It was a full day, and I plan to use it all up.
Because it's a good feeling. It's that feeling of excited exhaustion.
The lights are on outside, the dog it upstairs with K, and Kelle Hampton's music selection is blasting over the squeaky toy that I'm so glad I don't have to deal with right now.
This may not last, but I'm excited for work tomorrow. I'm looking forward to the full week. April is here and it is a great month, showers and all. It starts out cool and reminds me of my roots. Cool air blowing with overcast clouds in the sky. It hits my cheek and I feel like I'm in mossy woods. The rain finishes out the day and pitter-patters against the open window. The month ends in full bloom, with sun covering every corner. And, even though I'll be in an office all day, I do not fret because that office of mine has eight windows. I will be there, right along April, the whole time.
I may be happy tonight because I might have had a wonderfully perfect Sunday. It started off with a three hour talk with Theresa. I did not brush my teeth until two o'clock because we caught up, each of us having that be the first thing we did today. A talk with her is good for the soul. We just get it and we know it.
And thus started my day of advice. Because I know she calls to check in, and I know she calls to renew her spirit, and I know she also calls because she needs someone who can help. So, I gave advice and I listened. When it comes to Theresa, I am a very good girlfriend. She's taught me how.
Then the advice continued. With my mom who was hurt from another disappointment. To K, who is overwhelmed and just needed to get away from the books for awhile. And even to Lilly, who I advised not to chew on that stick.
I'm not an expert at much. I'm a good nurse, an amateur gardener, a lapsed pianist, a first time dog-mother. But, it feels good to know that others trust me for my advice.
So, inspired by that trust, I spent the afternoon gardening and searching. Gardening by planting peas and scavenging the woods for the perfect sticks to hold up green beans. I worked up a sweat, which made that cool breeze even homier. I finished at dusk, satisfied that onion sets and peas were resting beneath the dirt. Then, I plugged in the lights that I may not unplug tonight, and kicked off my shoes.
That feeling of grass against bare feet was what I've been waiting for all winter long. Hello Spring, stay awhile.
And searching. Because I started my day with Theresa, I wanted to end the day as well. So, I scoured book shelves across town, until I was satisfied with the right ones to send her way. I chose perfectly dainty stationary to write what advice I had left.
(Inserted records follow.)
lemma finite_closure_diff_convex:
  fixes G :: "'a::linorder_topology set"
  assumes convex: "\<And>a b z. a \<in> G \<Longrightarrow> b \<in> G \<Longrightarrow> a \<le> z \<Longrightarrow> z \<le> b \<Longrightarrow> z \<in> G"
  shows "finite (closure G - G)"
proof -
  define L where "L = {z \<in> closure G. \<forall>g\<in>G. z < g}"
  define U where "U = {z \<in> closure G. \<forall>g\<in>G. g < z}"
  have "closure G - G \<subseteq> L \<union> U"
  proof
    fix z assume z: "z \<in> closure G - G"
    show "z \<in> L \<union> U"
    proof (rule ccontr)
      assume "z \<notin> L \<union> U"
      then obtain a b where "a \<in> G" "b \<in> G" "a \<le> z" "z \<le> b"
        using z by (auto simp: L_def U_def not_less)
      then show False using convex z by blast
    qed
  qed
  moreover have "\<exists>a. L \<subseteq> {a}"
  proof -
    have "z \<le> w" if "z \<in> L" "w \<in> L" for z w
    proof (rule ccontr)
      assume "\<not> z \<le> w"
      moreover have "{..<z} \<inter> G = {}" using that(1) by (auto simp: L_def)
      ultimately show False
        using that(2) open_Int_closure_eq_empty[of "{..<z}" G] by (auto simp: L_def not_le)
    qed
    then show ?thesis unfolding subset_singleton_iff_Uniq Uniq_def by (blast intro: order.antisym)
  qed
  moreover have "\<exists>a. U \<subseteq> {a}"
  proof -
    have "w \<le> z" if "z \<in> U" "w \<in> U" for z w
    proof (rule ccontr)
      assume "\<not> w \<le> z"
      moreover have "{z<..} \<inter> G = {}" using that(1) by (auto simp: U_def)
      ultimately show False
        using that(2) open_Int_closure_eq_empty[of "{z<..}" G] by (auto simp: U_def not_le)
    qed
    then show ?thesis unfolding subset_singleton_iff_Uniq Uniq_def by (blast intro: order.antisym)
  qed
  ultimately obtain a b where "closure G - G \<subseteq> {a, b}" by blast
  then show ?thesis by (rule finite_subset) simp
qed

lemma finite_frontier_gap:
  fixes K :: "'a::linorder_topology set"
  assumes "closed K"
  shows "finite (frontier (gap K q))"
proof -
  have "finite (closure (gap K q) - gap K q)"
    by (rule finite_closure_diff_convex) (rule gap_convex)
  then show ?thesis using open_gap[OF assms] by (simp add: frontier_def interior_open)
qed

definition gaps :: "'a::linorder set \<Rightarrow> 'a set set" where
  "gaps K = gap K ` (- K)"

definition trimmed_closure :: "('a::topological_space \<Rightarrow> nat \<Rightarrow> 'a set) \<Rightarrow> 'a set \<Rightarrow> nat \<Rightarrow> 'a set" where
  "trimmed_closure B G n = closure G - (\<Union>p\<in>frontier G. B p n)"

definition gap_nbhd :: "('a::topological_space \<Rightarrow> nat \<Rightarrow> 'a set) \<Rightarrow> 'a set set \<Rightarrow> nat \<Rightarrow> 'a set" where
  "gap_nbhd B \<G> n = - (\<Union>G\<in>\<G>. trimmed_closure B G n)"

lemma gaps_Int_eq_empty: "G \<in> gaps K \<Longrightarrow> G \<inter> K = {}"
  using gap_Int_eq_empty by (auto simp: gaps_def)

lemma open_gaps: "closed K \<Longrightarrow> G \<in> gaps K \<Longrightarrow> open G"
  for K :: "'a::linorder_topology set"
  using open_gap by (auto simp: gaps_def)

lemma frontier_gaps_subset: "closed K \<Longrightarrow> G \<in> gaps K \<Longrightarrow> frontier G \<subseteq> K"
  for K :: "'a::linorder_topology set"
  using frontier_gap_subset by (auto simp: gaps_def)

lemma finite_frontier_gaps: "closed K \<Longrightarrow> G \<in> gaps K \<Longrightarrow> finite (frontier G)"
  for K :: "'a::linorder_topology set"
  using finite_frontier_gap by (auto simp: gaps_def)

lemma gaps_eqI: "G \<in> gaps K \<Longrightarrow> G' \<in> gaps K \<Longrightarrow> x \<in> G \<Longrightarrow> x \<in> G' \<Longrightarrow> G = G'"
  unfolding gaps_def using gap_eq by blast

lemma Union_gaps: "\<Union>(gaps K) = - K"
  using gap_self gaps_Int_eq_empty by (auto simp: gaps_def) blast

lemma trimmed_closure_subset:
  assumes "\<And>p. p \<in> B p n"
  shows "trimmed_closure B G n \<subseteq> G"
  using assms interior_subset by (fastforce simp: trimmed_closure_def frontier_def)

lemma closed_trimmed_closure:
  assumes "\<And>p. open (B p n)"
  shows "closed (trimmed_closure B G n)"
  unfolding trimmed_closure_def using assms by (intro closed_Diff open_UN) auto

lemma trimmed_closure_mono:
  assumes "\<And>p. decseq (B p)" "n \<le> m"
  shows "trimmed_closure B G n \<subseteq> trimmed_closure B G m"
  using assms unfolding trimmed_closure_def decseq_def by blast

lemma open_gap_nbhd:
  assumes "finite \<G>" "\<And>p. open (B p n)"
  shows "open (gap_nbhd B \<G> n)"
  unfolding gap_nbhd_def using assms closed_trimmed_closure by (intro open_Compl closed_UN) auto

lemma subset_gap_nbhd:
  fixes K :: "'a::linorder_topology set"
  assumes "closed K" "\<G> \<subseteq> gaps K" "\<And>p. p \<in> B p n"
  shows "K \<subseteq> gap_nbhd B \<G> n"
proof
  fix z assume "z \<in> K"
  have "z \<notin> trimmed_closure B G n" if "G \<in> \<G>" for G
  proof
    assume "z \<in> trimmed_closure B G n"
    moreover have "open G" "z \<notin> G"
      using that assms(1,2) open_gaps gaps_Int_eq_empty[of G K] \<open>z \<in> K\<close> by auto
    ultimately show False
      using assms(3)[of z] by (auto simp: trimmed_closure_def frontier_def interior_open)
  qed
  then show "z \<in> gap_nbhd B \<G> n" by (auto simp: gap_nbhd_def)
qed

lemma gap_nbhd_subset_open:
  fixes K :: "'a::linorder_topology set"
  assumes cpt: "compact (UNIV :: 'a set)" and "closed K"
    and B: "\<And>p. decseq_nhds_base (B p) p"
    and W: "open W" "K \<subseteq> W"
  obtains \<G> n where "finite \<G>" "\<G> \<subseteq> gaps K" "gap_nbhd B \<G> n \<subseteq> W"
proof -
  have "compact (- W)"
    using compact_Int_closed[OF cpt, of "- W"] W(1) by (simp add: closed_Compl)
  moreover have "- W \<subseteq> \<Union>(gaps K)" using W(2) Union_gaps by blast
  ultimately obtain \<G> where \<G>: "\<G> \<subseteq> gaps K" "finite \<G>" "- W \<subseteq> \<Union>\<G>"
    using open_gaps[OF \<open>closed K\<close>] by (metis compactE)
  define P where "P = (\<Union>G\<in>\<G>. frontier G)"
  have "finite P"
    using \<G> finite_frontier_gaps[OF \<open>closed K\<close>] by (auto simp: P_def)
  have "P \<subseteq> W"
    using \<G> frontier_gaps_subset[OF \<open>closed K\<close>] W(2) unfolding P_def by blast
  then have "\<forall>p\<in>P. \<exists>n. B p n \<subseteq> W" using decseq_nhds_baseD(4)[OF B W(1)] by blast
  then obtain N where N: "\<And>p. p \<in> P \<Longrightarrow> B p (N p) \<subseteq> W" by metis
  define n where "n = Max (N ` P)"
  have small: "B p n \<subseteq> W" if "p \<in> P" for p
  proof -
    have "N p \<le> n" using \<open>finite P\<close> that by (simp add: n_def)
    then show ?thesis using decseq_nhds_baseD(1)[OF B, of p] N[OF that] by (auto simp: decseq_def)
  qed
  have "gap_nbhd B \<G> n \<subseteq> W"
  proof
    fix x assume x: "x \<in> gap_nbhd B \<G> n"
    show "x \<in> W"
    proof (rule ccontr)
      assume "x \<notin> W"
      then obtain G where G: "G \<in> \<G>" "x \<in> G" using \<G>(3) by blast
      have "x \<notin> B p n" if "p \<in> frontier G" for p
        using that G(1) small \<open>x \<notin> W\<close> unfolding P_def by blast
      then have "x \<in> trimmed_closure B G n"
        using G(2) closure_subset by (auto simp: trimmed_closure_def)
      then show False using x G(1) by (auto simp: gap_nbhd_def)
    qed
  qed
  then show ?thesis using \<G> that by blast
qed

lemma gap_nbhd_subset_imp_eq:
  fixes K :: "'a::linorder_topology set"
  assumes B: "\<And>p. decseq_nhds_base (B p) p"
    and \<G>: "\<G> \<subseteq> gaps K" "\<G>' \<subseteq> gaps K"
    and sub: "gap_nbhd B \<G> n \<subseteq> gap_nbhd B \<G>' m"
  shows "gap_nbhd B \<G>' m = gap_nbhd B (\<G>' \<inter> \<G>) (min m n)"
proof -
  have in_B: "\<And>p k. p \<in> B p k" and dec: "\<And>p. decseq (B p)"
    using decseq_nhds_baseD[OF B] by simp_all
  have cover: "(\<Union>G\<in>\<G>'. trimmed_closure B G m) \<subseteq> (\<Union>G\<in>\<G>. trimmed_closure B G n)"
    using sub unfolding gap_nbhd_def by (simp only: Compl_subset_Compl_iff)
  have shared: "G \<in> \<G> \<and> x \<in> trimmed_closure B G n"
    if "G \<in> \<G>'" "x \<in> trimmed_closure B G m" for G x
  proof -
    have "x \<in> (\<Union>G\<in>\<G>. trimmed_closure B G n)"
      using cover UN_I[of G \<G>' x "\<lambda>G. trimmed_closure B G m", OF that] by (rule subsetD)
    then obtain G'' where G'': "G'' \<in> \<G>" "x \<in> trimmed_closure B G'' n" by (rule UN_E)
    have "x \<in> G''" "x \<in> G"
      using G''(2) that(2) trimmed_closure_subset[of B n G''] trimmed_closure_subset[of B m G] in_B
      by blast+
    moreover have "G'' \<in> gaps K" "G \<in> gaps K" using \<G> G''(1) that(1) by blast+
    ultimately have "G'' = G" by (rule gaps_eqI[rotated 2])
    then show ?thesis using G'' by blast
  qed
  have "(\<Union>G\<in>\<G>'. trimmed_closure B G m) = (\<Union>G\<in>\<G>' \<inter> \<G>. trimmed_closure B G (min m n))"
  proof (intro equalityI subsetI)
    fix x assume "x \<in> (\<Union>G\<in>\<G>'. trimmed_closure B G m)"
    then obtain G where G: "G \<in> \<G>'" "x \<in> trimmed_closure B G m" by blast
    then have "G \<in> \<G>" "x \<in> trimmed_closure B G n" using shared by blast+
    moreover have "x \<in> trimmed_closure B G (min m n)"
      using calculation(2) G(2) by (cases "m \<le> n") (simp_all add: min_def)
    ultimately show "x \<in> (\<Union>G\<in>\<G>' \<inter> \<G>. trimmed_closure B G (min m n))"
      using G(1) by blast
  next
    fix x assume "x \<in> (\<Union>G\<in>\<G>' \<inter> \<G>. trimmed_closure B G (min m n))"
    then obtain G where "G \<in> \<G>'" "x \<in> trimmed_closure B G (min m n)" by blast
    moreover have "trimmed_closure B G (min m n) \<subseteq> trimmed_closure B G m"
      using trimmed_closure_mono[OF dec] by simp
    ultimately show "x \<in> (\<Union>G\<in>\<G>'. trimmed_closure B G m)" by blast
  qed
  then show ?thesis by (simp add: gap_nbhd_def)
qed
And, I chose for her an inspirational journal, because that's what every girl needs. Like mine, but with pretty little birds.
I wrote her a note and talked about the books and all the things that make me happy. So that she could use them on days that I'm not there. Like Ingrid Michaelson. And Kelle Hampton's blog. And making lists of beautiful things. Then I wrote her some things in that journal, to get her started. Sprawled out all over the bed, music still blaring, but dog toy silenced now, I feverishly write words that got me through it.
Like:
Bite off more than you can chew. Then chew it.
Hope rises with the sun each day. Remember, its even behind the clouds.
and
In the depth of winter, I finally learned that within me, there lay an invincible Summer.
I may not be an expert at most things.
But, I know now when the day should be seized and I know how to do it.